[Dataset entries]
..........
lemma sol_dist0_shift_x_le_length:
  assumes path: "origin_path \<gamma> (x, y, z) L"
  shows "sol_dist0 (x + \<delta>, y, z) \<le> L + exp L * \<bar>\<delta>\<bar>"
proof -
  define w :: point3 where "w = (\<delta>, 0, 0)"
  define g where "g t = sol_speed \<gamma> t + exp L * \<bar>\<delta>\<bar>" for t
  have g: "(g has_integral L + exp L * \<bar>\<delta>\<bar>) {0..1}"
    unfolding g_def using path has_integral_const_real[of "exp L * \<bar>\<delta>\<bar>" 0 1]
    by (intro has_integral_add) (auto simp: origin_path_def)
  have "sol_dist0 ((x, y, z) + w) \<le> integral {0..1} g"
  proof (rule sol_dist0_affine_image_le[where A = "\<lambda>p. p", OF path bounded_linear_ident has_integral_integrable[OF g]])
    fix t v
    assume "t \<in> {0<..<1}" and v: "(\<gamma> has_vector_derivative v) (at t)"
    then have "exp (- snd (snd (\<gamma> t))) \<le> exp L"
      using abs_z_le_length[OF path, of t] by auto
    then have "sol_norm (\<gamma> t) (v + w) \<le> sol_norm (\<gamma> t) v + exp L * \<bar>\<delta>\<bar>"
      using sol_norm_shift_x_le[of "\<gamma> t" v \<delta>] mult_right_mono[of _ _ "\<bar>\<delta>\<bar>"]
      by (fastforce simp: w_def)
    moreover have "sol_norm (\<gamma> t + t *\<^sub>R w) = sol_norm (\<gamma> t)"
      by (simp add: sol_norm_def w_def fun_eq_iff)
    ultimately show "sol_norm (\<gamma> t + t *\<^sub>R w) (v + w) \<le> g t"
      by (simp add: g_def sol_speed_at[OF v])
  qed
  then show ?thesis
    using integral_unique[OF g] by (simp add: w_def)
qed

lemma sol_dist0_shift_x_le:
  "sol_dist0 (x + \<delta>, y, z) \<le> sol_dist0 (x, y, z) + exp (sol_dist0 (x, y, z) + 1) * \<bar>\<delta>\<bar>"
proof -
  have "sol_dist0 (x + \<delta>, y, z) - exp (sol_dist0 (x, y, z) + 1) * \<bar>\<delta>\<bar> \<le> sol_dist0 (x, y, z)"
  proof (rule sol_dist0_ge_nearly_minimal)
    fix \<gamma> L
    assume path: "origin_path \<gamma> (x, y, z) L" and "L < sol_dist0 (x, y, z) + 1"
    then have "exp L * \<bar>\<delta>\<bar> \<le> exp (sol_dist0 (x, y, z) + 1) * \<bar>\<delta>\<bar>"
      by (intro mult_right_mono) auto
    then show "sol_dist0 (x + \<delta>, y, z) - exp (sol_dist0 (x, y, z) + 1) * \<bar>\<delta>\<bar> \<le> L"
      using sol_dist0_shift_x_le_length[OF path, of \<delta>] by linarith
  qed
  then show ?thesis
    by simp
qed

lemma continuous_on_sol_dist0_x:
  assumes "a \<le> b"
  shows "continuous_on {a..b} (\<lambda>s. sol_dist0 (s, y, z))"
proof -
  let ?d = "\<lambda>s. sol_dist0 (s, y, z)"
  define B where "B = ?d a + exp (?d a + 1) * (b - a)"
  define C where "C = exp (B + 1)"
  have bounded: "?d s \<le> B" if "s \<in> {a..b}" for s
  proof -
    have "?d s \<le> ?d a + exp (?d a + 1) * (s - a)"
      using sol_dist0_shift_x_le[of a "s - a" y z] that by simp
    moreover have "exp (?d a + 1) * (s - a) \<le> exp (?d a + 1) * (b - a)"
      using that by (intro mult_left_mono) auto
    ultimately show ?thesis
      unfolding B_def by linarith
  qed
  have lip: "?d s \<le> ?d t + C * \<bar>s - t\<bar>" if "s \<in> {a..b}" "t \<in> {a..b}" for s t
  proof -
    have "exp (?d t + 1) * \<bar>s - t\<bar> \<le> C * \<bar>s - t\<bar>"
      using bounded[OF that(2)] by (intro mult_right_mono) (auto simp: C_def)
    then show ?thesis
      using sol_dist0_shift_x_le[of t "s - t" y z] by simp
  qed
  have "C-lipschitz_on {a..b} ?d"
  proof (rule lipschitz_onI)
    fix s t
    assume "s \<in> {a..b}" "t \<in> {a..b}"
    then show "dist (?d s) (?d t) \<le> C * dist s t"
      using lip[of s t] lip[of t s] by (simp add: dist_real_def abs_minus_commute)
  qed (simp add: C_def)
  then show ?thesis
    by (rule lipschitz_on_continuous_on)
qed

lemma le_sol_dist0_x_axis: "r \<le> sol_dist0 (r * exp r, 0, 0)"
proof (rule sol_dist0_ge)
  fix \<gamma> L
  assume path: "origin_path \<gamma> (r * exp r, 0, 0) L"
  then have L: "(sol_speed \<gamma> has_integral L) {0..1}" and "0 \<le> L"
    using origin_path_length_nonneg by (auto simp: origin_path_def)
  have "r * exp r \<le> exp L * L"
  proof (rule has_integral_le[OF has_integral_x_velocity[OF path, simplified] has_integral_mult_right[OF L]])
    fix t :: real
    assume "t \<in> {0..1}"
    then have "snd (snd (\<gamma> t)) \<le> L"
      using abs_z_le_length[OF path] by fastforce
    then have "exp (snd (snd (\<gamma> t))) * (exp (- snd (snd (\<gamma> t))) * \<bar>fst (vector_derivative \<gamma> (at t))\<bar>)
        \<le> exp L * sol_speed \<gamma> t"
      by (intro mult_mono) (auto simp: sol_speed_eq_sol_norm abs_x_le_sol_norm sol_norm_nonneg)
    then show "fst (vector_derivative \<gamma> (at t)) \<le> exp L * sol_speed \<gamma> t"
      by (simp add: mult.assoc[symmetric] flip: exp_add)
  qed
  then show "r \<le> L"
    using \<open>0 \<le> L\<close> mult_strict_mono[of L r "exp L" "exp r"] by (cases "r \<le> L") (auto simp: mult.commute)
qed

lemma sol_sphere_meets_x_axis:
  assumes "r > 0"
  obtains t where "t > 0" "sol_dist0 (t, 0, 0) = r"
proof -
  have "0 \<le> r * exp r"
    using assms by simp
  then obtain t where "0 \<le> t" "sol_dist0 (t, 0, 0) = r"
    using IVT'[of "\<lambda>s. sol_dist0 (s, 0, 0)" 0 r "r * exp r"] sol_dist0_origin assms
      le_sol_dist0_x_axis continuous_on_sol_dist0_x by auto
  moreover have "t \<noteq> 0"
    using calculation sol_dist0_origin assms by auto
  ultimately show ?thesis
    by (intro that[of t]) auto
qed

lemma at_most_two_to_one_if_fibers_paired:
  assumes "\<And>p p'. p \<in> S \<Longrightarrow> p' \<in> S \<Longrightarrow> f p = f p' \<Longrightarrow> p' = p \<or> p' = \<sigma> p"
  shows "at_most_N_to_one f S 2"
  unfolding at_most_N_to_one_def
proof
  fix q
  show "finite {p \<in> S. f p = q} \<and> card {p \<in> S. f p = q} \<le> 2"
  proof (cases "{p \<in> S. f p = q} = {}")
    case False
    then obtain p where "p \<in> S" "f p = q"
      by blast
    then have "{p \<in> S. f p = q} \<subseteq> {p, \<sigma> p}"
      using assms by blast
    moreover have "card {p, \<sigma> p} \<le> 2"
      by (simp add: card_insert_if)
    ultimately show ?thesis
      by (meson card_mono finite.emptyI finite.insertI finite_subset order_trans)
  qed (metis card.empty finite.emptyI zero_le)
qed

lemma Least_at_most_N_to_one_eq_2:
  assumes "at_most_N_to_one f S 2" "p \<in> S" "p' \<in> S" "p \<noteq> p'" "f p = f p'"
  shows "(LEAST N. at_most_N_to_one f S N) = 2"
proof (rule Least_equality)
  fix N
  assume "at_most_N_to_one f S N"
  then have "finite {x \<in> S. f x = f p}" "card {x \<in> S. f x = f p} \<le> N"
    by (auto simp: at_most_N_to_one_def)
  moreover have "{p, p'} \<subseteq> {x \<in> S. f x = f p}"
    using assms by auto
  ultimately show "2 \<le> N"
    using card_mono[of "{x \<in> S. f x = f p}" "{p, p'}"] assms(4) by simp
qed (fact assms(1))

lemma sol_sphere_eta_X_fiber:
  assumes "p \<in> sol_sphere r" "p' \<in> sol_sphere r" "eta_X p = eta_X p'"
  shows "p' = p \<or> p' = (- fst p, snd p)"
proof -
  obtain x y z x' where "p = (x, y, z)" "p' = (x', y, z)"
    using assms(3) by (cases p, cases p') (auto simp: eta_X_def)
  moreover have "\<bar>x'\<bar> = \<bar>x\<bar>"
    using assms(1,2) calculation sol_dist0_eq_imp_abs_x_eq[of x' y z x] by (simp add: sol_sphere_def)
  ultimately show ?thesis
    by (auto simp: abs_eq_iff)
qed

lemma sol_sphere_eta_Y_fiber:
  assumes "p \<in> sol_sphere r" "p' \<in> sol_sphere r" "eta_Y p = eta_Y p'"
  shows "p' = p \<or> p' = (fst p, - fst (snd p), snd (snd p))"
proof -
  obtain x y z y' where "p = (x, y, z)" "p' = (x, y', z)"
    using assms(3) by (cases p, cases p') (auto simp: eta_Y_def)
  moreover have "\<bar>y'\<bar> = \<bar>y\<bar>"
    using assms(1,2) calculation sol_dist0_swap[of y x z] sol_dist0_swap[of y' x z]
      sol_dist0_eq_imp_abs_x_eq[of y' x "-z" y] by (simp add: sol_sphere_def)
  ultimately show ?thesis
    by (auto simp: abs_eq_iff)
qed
..........
Task item> Once the lines of the entries containing the word "linarith" have been counted, report the number alone.

Answer for the task> 2